Но я также должен верить в высокое качество Вашего отношения ко мне, основанного на глубоком доверии и уважении ко мне. Причем это доверие и уважение являются как бы вехами, строго ограничивающими само содержание Вашего отношения, его стиль. К сожалению, я не вижу этого в Ваших двух письмах из Киева, наполненных весьма резкими критическими замечаниями по моему адресу как человеческой личности.
"Я понимаю,- пишете Вы,- что чуткости и внимания на всех не всегда может хватить, так нужно иметь меньшие масштабы своих благодеяний. А если они действительно не велики, так это опять-таки хуже для Вас. (Простите, опять, кажется, грубость)".

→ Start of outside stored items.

(* For every $\pi\in B_n$, $\ell_B(\pi)\equiv\ell_B(dp(\pi))\pmod 2$.
   Context: $B_n$ is the set of words $\pi=\pi_1\cdots\pi_n$ with $\pi_i\in\{\pm1,\dots,\pm n\}$ and $|\pi_1|\cdots|\pi_n|$ a permutation of $[n]$. $\mathrm{inv}(\pi)=\#\{(i,j):i<j,\pi_i>\pi_j\}$ (usual order), $\ell_B(\pi)=\mathrm{inv}(\pi)-\sum_{i:\pi_i<0}\pi_i$ (equal to $0$ for the empty word). For a word of nonzero integers with distinct absolute values $a_1<\dots<a_m$, its reduction replaces each letter $\pm a_j$ by $\pm j$. $dp(\pi)$ is the reduction of the subword of letters $\pi_i$ with $\pi_i\ne i$. *)

theory Defs
  imports Main
begin

definition signed_perms :: "nat \<Rightarrow> int list set" where
  "signed_perms n = {w. length w = n \<and> distinct (map abs w) \<and> set (map abs w) = {1..int n}}"

definition inv :: "int list \<Rightarrow> nat" where
  "inv w = card {(i, j). i < j \<and> j < length w \<and> w ! i > w ! j}"

definition ellB :: "int list \<Rightarrow> int" where
  "ellB w = int (inv w) - (\<Sum>i\<in>{i. i < length w \<and> w ! i < 0}. w ! i)"

text \<open>Reduction: replace the letter +-a_j by +-j, where a_1 < ... < a_m are the
  absolute values of the letters.\<close>
definition reduction :: "int list \<Rightarrow> int list" where
  "reduction w = map (\<lambda>x. sgn x * int (card {y \<in> set (map abs w). y \<le> \<bar>x\<bar>})) w"

definition dp :: "int list \<Rightarrow> int list" where
  "dp w = reduction (map fst (filter (\<lambda>(x, i). x \<noteq> int i) (zip w [1..<length w + 1])))"

end

theory Submission
  imports Defs
begin

text \<open>If the absolute values of a word \<open>v\<close> are \<open>1, \<dots>, m\<close>, a negative letter \<open>x\<close>
  contributes \<open>|x| = 1 + #{y. |y| < |x|}\<close> to \<open>\<ell>\<^sub>B(v)\<close>, so \<open>\<ell>\<^sub>B(v)\<close> is
  \<open>inv v + neg v\<close> plus the number of pairs of letters whose letter of larger absolute
  value is negative. A pair is counted there exactly when it is an inversion of precisely one of
  \<open>v\<close> and \<open>|v|\<close>; hence \<open>\<ell>\<^sub>B(v) \<equiv> inv |v| + neg v (mod 2)\<close>. Reduction changes
  neither \<open>inv |v|\<close> nor \<open>neg v\<close>. Fixed points are positive, and deleting a fixed
  point \<open>k\<close> changes \<open>inv |v|\<close> by an even number: as many letters before it exceed \<open>k\<close>
  as letters after it are below \<open>k\<close>.\<close>

lemma inv_Cons: "inv (x # xs) = length (filter (\<lambda>y. y < x) xs) + inv xs"
proof -
  let ?J = "{j. j < length xs \<and> xs ! j < x}"
  let ?T = "{(i, j). i < j \<and> j < length xs \<and> xs ! i > xs ! j}"
  have split: "{(i, j). i < j \<and> j < length (x # xs) \<and> (x # xs) ! i > (x # xs) ! j}
      = (\<lambda>j. (0, Suc j)) ` ?J \<union> (\<lambda>(i, j). (Suc i, Suc j)) ` ?T"
    (is "?S = ?R")
  proof
    show "?S \<subseteq> ?R"
    proof
      fix p assume "p \<in> ?S"
      then obtain i j where "p = (i, j)" "i < j" "j < Suc (length xs)" "(x # xs) ! i > (x # xs) ! j"
        by auto
      then show "p \<in> ?R"
        by (cases i; cases j) (auto simp: image_iff)
    qed
  qed auto
  have "finite ?T"
    by (rule finite_subset[of _ "{..<length xs} \<times> {..<length xs}"]) auto
  then have "card ?S = card ?J + card ?T"
    unfolding split
    by (subst card_Un_disjoint) (auto simp: card_image inj_on_def)
  then show ?thesis
    by (simp add: inv_def length_filter_conv_card)
qed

Вы посмотрите и вдумайтесь в эту цитату из Вашего письма. Она более чем груба. Грубость можно простить. Но разве можно прощать или не прощать Вашего мнения обо мне? Именно оно, это мнение, водило Вашей рукой и привело Вас к грубости, ибо, видимо, без грубости и прямого оскорбления ("бумажный друг") Вы не смогли бы выразить наилучшим образом то, что Вы хотели обо мне сказать. Но имя этому мнению - разочарование. Это чувство не подвергается опровержению. Оно возникло в Вас под влиянием внешних факторов (неисполнений слов и обещаний за 4 года!). Оно возникло в Вас, хотя Вы должны были понять, что именно я "не мальчишка" и что, очевидно, у меня были веские причины для невозможности, например, визита к Вам, который Вы рассматриваете с точки зрения какой-то "полезности". Чувство осторожности и уважения должно было бы подсказать, что мне, человеку не свободному в своих действиях и очень занятому, весьма трудно сочетать свои желания (всегда искренние) с большой Вашей занятостью, с условиями Вашей жизни, при отсутствии быстрой связи и т.д. Когда я, наконец, приехал к Вам, Вас не было. Я не обиделся, так как знал, что еду на риск не застать Вас. Вы не известили меня о Вашем отъезде в Киев, и я долгое время думал, что Вы в Москве. Между тем летнее время, которое я вообще очень люблю, было бы значительно удобнее для наших личных встреч. Я часто уезжаю из Москвы - то в Рузу, то на гастроли. Это я всё пишу Вам не для оправдания, а для того, чтобы показать, как Вы неосторожны в Ваших предположениях и выводах. Я очень сожалею, что Вы потеряли доверие, а вместе с ним и уважение ко мне.
Вы пишете: "Поймите, милый Исаак Осипович, нужно мне кому-то(?) что-то(?) из себя отливать, и вот сегодня - грубое, а ведь всегда самое хорошее я к Вам несу из моей души; может, часто скупо, мало, но больше мне и нельзя".
А вот я Вам могу так сказать: "Поймите, милая Людмила, что нельзя такое писать Исааку Осиповичу". Что это значит - "кому-то", "что-то"? Почему Вы меня относите к "кому-то", да еще после того как я написал Вам в Киев по такому же поводу (писать Вам кому-то надо было - так Вы написали мне)? Это намеренное оскорбление? Или невольное - от молодости?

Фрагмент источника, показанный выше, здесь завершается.